SOURCE MATERIAL:
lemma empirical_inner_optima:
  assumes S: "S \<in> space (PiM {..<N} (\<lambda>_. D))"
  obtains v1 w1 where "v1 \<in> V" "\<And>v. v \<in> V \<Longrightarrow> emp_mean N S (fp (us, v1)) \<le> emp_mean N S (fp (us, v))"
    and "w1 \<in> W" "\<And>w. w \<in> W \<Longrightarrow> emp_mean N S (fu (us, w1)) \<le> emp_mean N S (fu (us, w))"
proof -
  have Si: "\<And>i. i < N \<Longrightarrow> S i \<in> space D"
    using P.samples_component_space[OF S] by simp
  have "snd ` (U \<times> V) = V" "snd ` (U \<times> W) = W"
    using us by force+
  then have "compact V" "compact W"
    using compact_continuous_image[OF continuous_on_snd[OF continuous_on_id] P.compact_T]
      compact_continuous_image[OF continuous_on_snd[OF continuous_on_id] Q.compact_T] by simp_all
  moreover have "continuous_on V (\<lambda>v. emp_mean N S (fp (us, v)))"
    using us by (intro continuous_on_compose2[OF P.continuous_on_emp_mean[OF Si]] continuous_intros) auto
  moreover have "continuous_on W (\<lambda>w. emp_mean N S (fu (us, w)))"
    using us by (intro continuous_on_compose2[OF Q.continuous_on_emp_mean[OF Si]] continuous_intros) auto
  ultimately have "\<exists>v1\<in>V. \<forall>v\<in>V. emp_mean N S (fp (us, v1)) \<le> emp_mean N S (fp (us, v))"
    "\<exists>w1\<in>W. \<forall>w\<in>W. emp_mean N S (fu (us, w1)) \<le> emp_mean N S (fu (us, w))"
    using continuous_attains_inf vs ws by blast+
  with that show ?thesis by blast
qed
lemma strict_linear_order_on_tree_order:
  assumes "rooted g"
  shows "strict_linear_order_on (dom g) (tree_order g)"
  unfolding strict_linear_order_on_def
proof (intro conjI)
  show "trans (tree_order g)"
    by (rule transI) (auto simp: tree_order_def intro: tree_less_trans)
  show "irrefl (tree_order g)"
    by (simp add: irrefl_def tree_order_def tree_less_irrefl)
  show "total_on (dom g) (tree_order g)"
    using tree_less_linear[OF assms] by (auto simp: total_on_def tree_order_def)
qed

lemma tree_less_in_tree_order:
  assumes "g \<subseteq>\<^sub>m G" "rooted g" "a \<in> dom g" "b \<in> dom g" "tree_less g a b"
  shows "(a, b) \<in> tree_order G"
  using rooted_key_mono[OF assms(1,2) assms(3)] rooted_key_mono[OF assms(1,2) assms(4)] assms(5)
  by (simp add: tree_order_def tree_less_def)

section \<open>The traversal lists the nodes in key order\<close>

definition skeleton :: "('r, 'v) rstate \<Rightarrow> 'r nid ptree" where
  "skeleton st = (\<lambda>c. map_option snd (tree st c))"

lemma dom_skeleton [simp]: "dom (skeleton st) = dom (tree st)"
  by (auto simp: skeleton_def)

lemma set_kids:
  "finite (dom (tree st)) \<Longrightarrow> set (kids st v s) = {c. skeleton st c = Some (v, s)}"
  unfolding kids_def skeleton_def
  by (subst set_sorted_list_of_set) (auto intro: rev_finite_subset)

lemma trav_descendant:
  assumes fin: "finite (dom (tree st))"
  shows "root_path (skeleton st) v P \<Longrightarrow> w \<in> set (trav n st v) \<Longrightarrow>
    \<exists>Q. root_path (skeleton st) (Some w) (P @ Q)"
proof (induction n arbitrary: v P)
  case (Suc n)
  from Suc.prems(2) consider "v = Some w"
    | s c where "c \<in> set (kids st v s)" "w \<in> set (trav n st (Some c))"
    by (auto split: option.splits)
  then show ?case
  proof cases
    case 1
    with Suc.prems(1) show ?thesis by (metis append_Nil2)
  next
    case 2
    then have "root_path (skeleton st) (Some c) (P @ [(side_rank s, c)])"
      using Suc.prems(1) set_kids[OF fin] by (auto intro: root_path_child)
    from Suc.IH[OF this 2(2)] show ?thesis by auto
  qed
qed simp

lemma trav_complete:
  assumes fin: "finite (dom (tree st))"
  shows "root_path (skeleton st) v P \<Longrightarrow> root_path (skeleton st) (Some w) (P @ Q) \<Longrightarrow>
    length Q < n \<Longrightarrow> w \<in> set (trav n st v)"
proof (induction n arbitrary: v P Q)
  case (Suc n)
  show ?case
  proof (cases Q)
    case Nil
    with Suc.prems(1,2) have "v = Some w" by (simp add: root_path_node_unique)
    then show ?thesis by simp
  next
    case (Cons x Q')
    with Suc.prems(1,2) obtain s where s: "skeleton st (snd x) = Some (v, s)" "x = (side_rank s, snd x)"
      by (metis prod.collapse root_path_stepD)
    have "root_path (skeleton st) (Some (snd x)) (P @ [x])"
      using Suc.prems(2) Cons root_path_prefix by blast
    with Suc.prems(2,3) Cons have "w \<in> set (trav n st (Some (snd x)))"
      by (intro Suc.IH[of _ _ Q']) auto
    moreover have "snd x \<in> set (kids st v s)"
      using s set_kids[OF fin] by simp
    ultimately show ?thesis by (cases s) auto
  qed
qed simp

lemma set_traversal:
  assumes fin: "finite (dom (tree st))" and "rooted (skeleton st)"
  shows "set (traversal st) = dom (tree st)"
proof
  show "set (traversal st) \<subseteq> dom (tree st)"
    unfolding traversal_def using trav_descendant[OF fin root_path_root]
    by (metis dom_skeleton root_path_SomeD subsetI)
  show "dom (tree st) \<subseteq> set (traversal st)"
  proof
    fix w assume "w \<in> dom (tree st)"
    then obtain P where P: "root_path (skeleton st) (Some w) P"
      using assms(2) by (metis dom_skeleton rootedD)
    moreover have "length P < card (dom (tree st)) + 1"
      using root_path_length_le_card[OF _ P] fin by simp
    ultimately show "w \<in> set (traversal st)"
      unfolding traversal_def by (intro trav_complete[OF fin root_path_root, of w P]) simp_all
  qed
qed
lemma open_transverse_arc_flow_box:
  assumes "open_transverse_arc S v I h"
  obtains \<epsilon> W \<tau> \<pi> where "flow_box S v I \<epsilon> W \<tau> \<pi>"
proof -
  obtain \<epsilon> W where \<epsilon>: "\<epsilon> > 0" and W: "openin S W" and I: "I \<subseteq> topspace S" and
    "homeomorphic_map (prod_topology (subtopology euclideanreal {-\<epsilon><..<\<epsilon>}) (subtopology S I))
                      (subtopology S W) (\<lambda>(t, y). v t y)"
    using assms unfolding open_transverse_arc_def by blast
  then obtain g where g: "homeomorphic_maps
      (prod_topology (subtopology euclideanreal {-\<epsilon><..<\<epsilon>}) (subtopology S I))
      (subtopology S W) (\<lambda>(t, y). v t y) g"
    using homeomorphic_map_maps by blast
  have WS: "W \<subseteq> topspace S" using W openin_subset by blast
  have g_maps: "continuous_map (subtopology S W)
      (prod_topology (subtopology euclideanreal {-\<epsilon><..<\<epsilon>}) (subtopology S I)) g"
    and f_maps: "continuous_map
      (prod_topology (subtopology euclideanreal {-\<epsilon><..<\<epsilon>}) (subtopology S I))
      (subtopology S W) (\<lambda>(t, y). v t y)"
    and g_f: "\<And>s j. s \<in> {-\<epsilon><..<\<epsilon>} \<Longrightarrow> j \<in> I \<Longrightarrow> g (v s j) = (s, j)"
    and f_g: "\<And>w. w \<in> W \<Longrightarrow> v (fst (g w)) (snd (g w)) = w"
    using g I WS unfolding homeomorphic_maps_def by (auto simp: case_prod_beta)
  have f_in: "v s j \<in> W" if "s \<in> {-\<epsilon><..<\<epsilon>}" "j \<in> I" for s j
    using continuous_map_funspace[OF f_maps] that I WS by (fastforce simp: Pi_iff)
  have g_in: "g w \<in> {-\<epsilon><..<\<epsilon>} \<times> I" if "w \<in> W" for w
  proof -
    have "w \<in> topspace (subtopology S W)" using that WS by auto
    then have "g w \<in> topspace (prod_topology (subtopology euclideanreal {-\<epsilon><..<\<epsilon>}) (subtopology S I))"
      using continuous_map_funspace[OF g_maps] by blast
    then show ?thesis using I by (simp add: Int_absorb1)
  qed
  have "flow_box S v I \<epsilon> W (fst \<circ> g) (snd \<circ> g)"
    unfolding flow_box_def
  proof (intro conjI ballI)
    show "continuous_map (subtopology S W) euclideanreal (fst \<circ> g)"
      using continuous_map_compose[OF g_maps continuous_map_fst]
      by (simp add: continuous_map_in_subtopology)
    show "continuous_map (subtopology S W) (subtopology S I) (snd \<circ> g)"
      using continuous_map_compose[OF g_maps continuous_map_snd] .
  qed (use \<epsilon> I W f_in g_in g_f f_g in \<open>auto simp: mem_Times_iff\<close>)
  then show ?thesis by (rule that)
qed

TASK TO CARRY OUT: Check each line above for the word "close" and copy the ones that have it.

ANSWER SPACE:
section \<open>The traversal lists the nodes in key order\<close>
  qed (use \<epsilon> I W f_in g_in g_f f_g in \<open>auto simp: mem_Times_iff\<close>)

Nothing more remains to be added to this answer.